In the records below, find the line containing "- mu x (astar x))"; copy exactly that line and all lines after it to the end, and nothing else.

(Data provided Opens)

lemma sets_Delta_min_le: "{x\<in>space P. Delta_min mu astar x \<le> ereal t} \<in> sets P"
proof -
  have "(\<lambda>x. mu x (astar x)) \<in> borel_measurable P"
    by (rule borel_measurable_at_astar) (use integrable_mu in blast)
  then have "(\<lambda>x. mu x a - mu x (astar x)) \<in> borel_measurable P" for a
    using integrable_mu[of a] by (intro borel_measurable_diff) blast+
  then have "{x\<in>space P. mu x a - mu x (astar x) \<le> t} - {x\<in>space P. astar x = a} \<in> sets P" for a
    using sets_astar_eq[of a] by (intro sets.Diff) (simp_all add: borel_measurable_iff_le)
  moreover have "{x\<in>space P. mu x a - mu x (astar x) \<le> t} - {x\<in>space P. astar x = a}
      = {x\<in>space P. a \<noteq> astar x \<and> mu x a - mu x (astar x) \<le> t}" for a
    by auto
  ultimately have "(\<Union>a. {x\<in>space P. a \<noteq> astar x \<and> mu x a - mu x (astar x) \<le> t}) \<in> sets P"
    by (intro sets.countable_UN) auto
  also have "(\<Union>a. {x\<in>space P. a \<noteq> astar x \<and> mu x a - mu x (astar x) \<le> t})
      = {x\<in>space P. Delta_min mu astar x \<le> ereal t}"
    by (rule set_eqI) (simp add: Delta_min_le_ereal_iff)
  finally show ?thesis .
qed

lemma integrable_policy_at_astar:
  assumes pol: "is_policy P pol"
  shows "integrable P (\<lambda>x. pol x (astar x))"
proof (rule integrable_const_bound[where B=1])
  show "AE x in P. norm (pol x (astar x)) \<le> 1"
    using pol by (intro AE_I2) (simp add: is_policy_nonneg is_policy_le_1)
  show "(\<lambda>x. pol x (astar x)) \<in> borel_measurable P"
    using is_policy_measurable[OF pol] by (rule borel_measurable_at_astar)
qed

(Data provided Closes)

### Solved exercise
  then have "(\<lambda>x. mu x a - mu x (astar x)) \<in> borel_measurable P" for a
    using integrable_mu[of a] by (intro borel_measurable_diff) blast+
  then have "{x\<in>space P. mu x a - mu x (astar x) \<le> t} - {x\<in>space P. astar x = a} \<in> sets P" for a
    using sets_astar_eq[of a] by (intro sets.Diff) (simp_all add: borel_measurable_iff_le)
  moreover have "{x\<in>space P. mu x a - mu x (astar x) \<le> t} - {x\<in>space P. astar x = a}
      = {x\<in>space P. a \<noteq> astar x \<and> mu x a - mu x (astar x) \<le> t}" for a
    by auto
  ultimately have "(\<Union>a. {x\<in>space P. a \<noteq> astar x \<and> mu x a - mu x (astar x) \<le> t}) \<in> sets P"
    by (intro sets.countable_UN) auto
  also have "(\<Union>a. {x\<in>space P. a \<noteq> astar x \<and> mu x a - mu x (astar x) \<le> t})
      = {x\<in>space P. Delta_min mu astar x \<le> ereal t}"
    by (rule set_eqI) (simp add: Delta_min_le_ereal_iff)
  finally show ?thesis .
qed

lemma integrable_policy_at_astar:
  assumes pol: "is_policy P pol"
  shows "integrable P (\<lambda>x. pol x (astar x))"
proof (rule integrable_const_bound[where B=1])
  show "AE x in P. norm (pol x (astar x)) \<le> 1"
    using pol by (intro AE_I2) (simp add: is_policy_nonneg is_policy_le_1)
  show "(\<lambda>x. pol x (astar x)) \<in> borel_measurable P"
    using is_policy_measurable[OF pol] by (rule borel_measurable_at_astar)
qed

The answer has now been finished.